(Stored entries)

----

lemma qexp_fps_q_shift:
  assumes "0 < q" "q \<noteq> 1"
  shows "qexp_fps q (q * y) = qexp_fps q y + fps_const ((q - 1) * y) * fps_X * qexp_fps q y"
proof (rule fps_ext)
  fix n
  show "fps_nth (qexp_fps q (q * y)) n = fps_nth (qexp_fps q y + fps_const ((q - 1) * y) * fps_X * qexp_fps q y) n"
  proof (cases n)
    case 0
    then show ?thesis by (simp add: qexp_fps_def)
  next
    case (Suc m)
    have "(q * y) ^ Suc m / qfact q (Suc m) - y ^ Suc m / qfact q (Suc m)
        = (q ^ Suc m - 1) * y ^ Suc m / (qfact q m * qint q (Suc m))"
      by (simp add: qfact_Suc power_mult_distrib diff_divide_distrib left_diff_distrib)
    also have "q ^ Suc m - 1 = (q - 1) * qint q (Suc m)"
      using assms by (simp add: qint_def field_simps)
    also have "(q - 1) * qint q (Suc m) * y ^ Suc m / (qfact q m * qint q (Suc m))
        = (q - 1) * y * (y ^ m / qfact q m)"
      using qint_Suc_nonzero[OF assms, of m] by simp
    finally show ?thesis
      using Suc by (simp add: qexp_fps_def algebra_simps)
  qed
qed

lemma qbern_gf_times_qexp_fps:
  assumes "q \<noteq> 1"
  shows "qbern_gf q * (qexp_fps q 1 - 1) = fps_X"
proof -
  let ?u = "qexp_fps q 1 - 1"
  have u1: "fps_nth ?u 1 = 1"
    using assms by (simp add: qexp_fps_def)
  then have "subdegree ?u \<le> subdegree (fps_X :: real fps)"
    using subdegree_leI[of ?u 1] by simp
  with u1 have "fps_X / ?u * ?u = fps_X"
    by (intro fps_times_divide_eq) auto
  then show ?thesis
    by (simp add: qbern_gf_def mult.commute)
qed

lemma qbern_gf_nth_0_1:
  assumes "q \<noteq> 1"
  shows "fps_nth (qbern_gf q) 0 = 1" "fps_nth (qbern_gf q) 1 = - 1 / (1 + q)"
proof -
  let ?c = "fps_nth (qbern_gf q)"
  have "fps_nth (qbern_gf q * (qexp_fps q 1 - 1)) 1 = 1"
    using qbern_gf_times_qexp_fps[OF assms] by simp
  then show c0: "?c 0 = 1"
    using assms by (simp add: fps_mult_nth qexp_fps_def)
  have "fps_nth (qbern_gf q * (qexp_fps q 1 - 1)) 2 = 0"
    using qbern_gf_times_qexp_fps[OF assms] by simp
  then have "?c 0 / (1 + q) + ?c 1 = 0"
    using assms qfact_2[OF assms] by (simp add: fps_mult_nth qexp_fps_def numeral_2_eq_2)
  with c0 show "?c 1 = - 1 / (1 + q)"
    by (simp add: field_simps)
qed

----

ASSIGNED TASK. The answer must hold only the lines from the first line of the data through the line bearing "(y ^ m / qfact", returned exactly.

RESPONSE FOR THIS EXERCISE.
lemma qexp_fps_q_shift:
  assumes "0 < q" "q \<noteq> 1"
  shows "qexp_fps q (q * y) = qexp_fps q y + fps_const ((q - 1) * y) * fps_X * qexp_fps q y"
proof (rule fps_ext)
  fix n
  show "fps_nth (qexp_fps q (q * y)) n = fps_nth (qexp_fps q y + fps_const ((q - 1) * y) * fps_X * qexp_fps q y) n"
  proof (cases n)
    case 0
    then show ?thesis by (simp add: qexp_fps_def)
  next
    case (Suc m)
    have "(q * y) ^ Suc m / qfact q (Suc m) - y ^ Suc m / qfact q (Suc m)
        = (q ^ Suc m - 1) * y ^ Suc m / (qfact q m * qint q (Suc m))"
      by (simp add: qfact_Suc power_mult_distrib diff_divide_distrib left_diff_distrib)
    also have "q ^ Suc m - 1 = (q - 1) * qint q (Suc m)"
      using assms by (simp add: qint_def field_simps)
    also have "(q - 1) * qint q (Suc m) * y ^ Suc m / (qfact q m * qint q (Suc m))
        = (q - 1) * y * (y ^ m / qfact q m)"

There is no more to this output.